Work to complete:
Extract all lines that hold "define" from the records below.
================
text \<open>\<open>U\<^sub>m - U\<^sub>k\<close> lies in the cone spanned by the two edges at \<open>U\<^sub>k\<close>.\<close>

lemma convex_ccw_polygon_vertex_cone:
  assumes U: "convex_ccw_polygon N U"
    and right_next: "det2 v (U (Suc k) - U k) \<le> 0"
    and right_prev: "det2 v (U (k - 1) - U k) \<le> 0"
    and k: "1 \<le> k" "Suc k < N" and m: "m < N"
  shows "det2 v (U m - U k) \<le> 0"
proof (cases "m = k - 1 \<or> m = k \<or> m = Suc k")
  case False
  define a where "a = U (Suc k) - U k"
  define b where "b = U (k - 1) - U k"
  define y where "y = U m - U k"
  have ay: "det2 a y > 0"
    using convex_ccw_polygon_det2_pos[OF U, of k m] k m False
    unfolding a_def y_def polygon_edge_def by auto
  have ab: "det2 a b > 0"
    using convex_ccw_polygon_det2_pos[OF U, of k "k - 1"] k
    unfolding a_def b_def polygon_edge_def by auto
  have "det2 (polygon_edge U (k - 1)) (U m - U (k - 1)) > 0"
    by (rule convex_ccw_polygon_det2_pos[OF U]) (use k m False in auto)
  then have yb: "det2 y b > 0"
    using k unfolding y_def b_def polygon_edge_def det2_def by (simp add: algebra_simps)
  have "det2 v y * det2 a b = det2 y b * det2 v a + det2 a y * det2 v b"
    unfolding det2_def by (simp add: algebra_simps)
  also have "\<dots> \<le> 0"
    using yb ay right_next right_prev unfolding a_def b_def
    by (simp add: add_nonpos_nonpos mult_nonneg_nonpos)
  finally show ?thesis
    using ab unfolding y_def by (simp add: mult_le_0_iff)
qed (use right_next right_prev in auto)

text \<open>Otherwise both edges at \<open>U\<^sub>k\<close> lie weakly to the right of \<open>d\<^sub>j\<close>, hence by the cone lemma so does
  \<open>U\<^sub>j\<^sub>+\<^sub>n - U\<^sub>k = -U\<^sub>j - U\<^sub>k\<close>; but the opposite edge \<open>-d\<^sub>j\<close>, starting at \<open>-U\<^sub>j\<close>, has \<open>U\<^sub>k\<close> strictly on
  its left.\<close>

lemma symmetric_polygon_turn_step:
  assumes U: "convex_ccw_polygon (2*n) U" and U_sym: "\<forall>i. U (i + n) = - U i"
    and j: "j < n" and k: "j < k" "k < j + n"
    and prev: "det2 (polygon_edge U j) (polygon_edge U (k - 1)) \<ge> 0"
  shows "det2 (polygon_edge U j) (polygon_edge U k) > 0"
proof (rule ccontr)
  define d where "d = polygon_edge U j"
  assume "\<not> ?thesis"
  then have "det2 d (U (Suc k) - U k) \<le> 0"
    unfolding d_def polygon_edge_def by simp
  moreover have "det2 d (U (k - 1) - U k) \<le> 0"
    using prev k unfolding d_def polygon_edge_def det2_def by (simp add: algebra_simps)
  ultimately have "det2 d (U (j + n) - U k) \<le> 0"
    by (rule convex_ccw_polygon_vertex_cone[OF U]) (use k j in auto)
  moreover have "Suc (j + n) mod (2 * n) \<noteq> k"
    using j k by (cases "Suc (j + n) < 2 * n") (auto simp: mod_if)
  then have "det2 (polygon_edge U (j + n)) (U k - U (j + n)) > 0"
    by (intro convex_ccw_polygon_det2_pos[OF U]) (use j k in auto)
  moreover have "polygon_edge U (j + n) = - d" "U (j + n) = - U j"
    using U_sym[rule_format, of j] U_sym[rule_format, of "Suc j"]
    unfolding d_def polygon_edge_def by simp_all
  ultimately show False
    unfolding det2_def by (simp add: algebra_simps)
qed
(* Let $(B_i)_{i\in Q_0}\in\bigoplus_i\mathrm{Herm}(V_i)$ and let $a_{i,1}\leq\ldots\leq a_{i,d_i}$ be the eigenvalues of $B_i$. Set $\Theta_{i,k}=a_{i,k}-a_{i,k+1}$ for $i\in Q_0$, $1\le k<d_i$, and $\Theta_{i,d_i}=a_{i,d_i}$. Then $(B_i)_i$ belongs to the image of $\mu_Q$ if and only if the tuple of scalar operators $(\Theta_{i,k}\cdot\mathrm{id}_{V_{i,k}})_{i,k}$ belongs to the image of $\mu_{Q_{\mathbf d}}:R_{\hat{\mathbf d}}(Q_{\mathbf d})\to\bigoplus_{i,k}\mathrm{Herm}(V_{i,k})$.
   Context: $Q$ is a finite quiver with vertex set $Q_0$ and arrows $\alpha:i\to j$; $\mathbf d\in\mathbb NQ_0$. For any quiver $\Gamma$ and complex vector spaces $W_v$ ($v\in\Gamma_0$) with Hermitian inner products, $R(\Gamma)=\bigoplus_{\alpha:v\to w}\mathrm{Hom}(W_v,W_w)$ and $\mu_\Gamma((f_\alpha))_v=\sum_{\alpha:w\to v}f_\alpha f_\alpha^*-\sum_{\alpha:v\to w}f_\alpha^*f_\alpha\in\mathrm{Herm}(W_v)$. For $Q$ we use spaces $V_i$ of dimension $d_i$, giving $\mu_Q$ on $R_{\mathbf d}(Q)$. The leg-extended quiver $Q_{\mathbf d}$ has vertices $(i,k)$ for $i\in Q_0$, $1\leq k\leq d_i$, an arrow $\alpha:(i,d_i)\to(j,d_j)$ for each arrow $\alpha:i\to j$ of $Q$ (with $d_i,d_j\geq1$), and arrows $\beta_{i,k}:(i,k)\to(i,k+1)$ for $i\in Q_0$, $1\le k<d_i$. Its dimension vector $\hat{\mathbf d}$ is $\hat d_{i,k}=k$. For $Q_{\mathbf d}$ we use Hermitian spaces $V_{i,k}$ of dimension $k$, with $V_{i,d_i}=V_i$ (same Hermitian form), giving $\mu_{Q_{\mathbf d}}$ on $R_{\hat{\mathbf d}}(Q_{\mathbf d})$. *)

theory Defs
  imports Complex_Main "Jordan_Normal_Form.Char_Poly"
begin

text \<open>Hermitian spaces of dimension n are modelled as C^n with the standard
  Hermitian inner product; linear maps are complex matrices, and the adjoint
  of a map is the conjugate transpose.\<close>

definition cadj :: "complex mat \<Rightarrow> complex mat" where
  "cadj A = mat (dim_col A) (dim_row A) (\<lambda>(p,q). cnj (A $$ (q,p)))"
================
Answer area:
  define a where "a = U (Suc k) - U k"
  define b where "b = U (k - 1) - U k"
  define y where "y = U m - U k"
  define d where "d = polygon_edge U j"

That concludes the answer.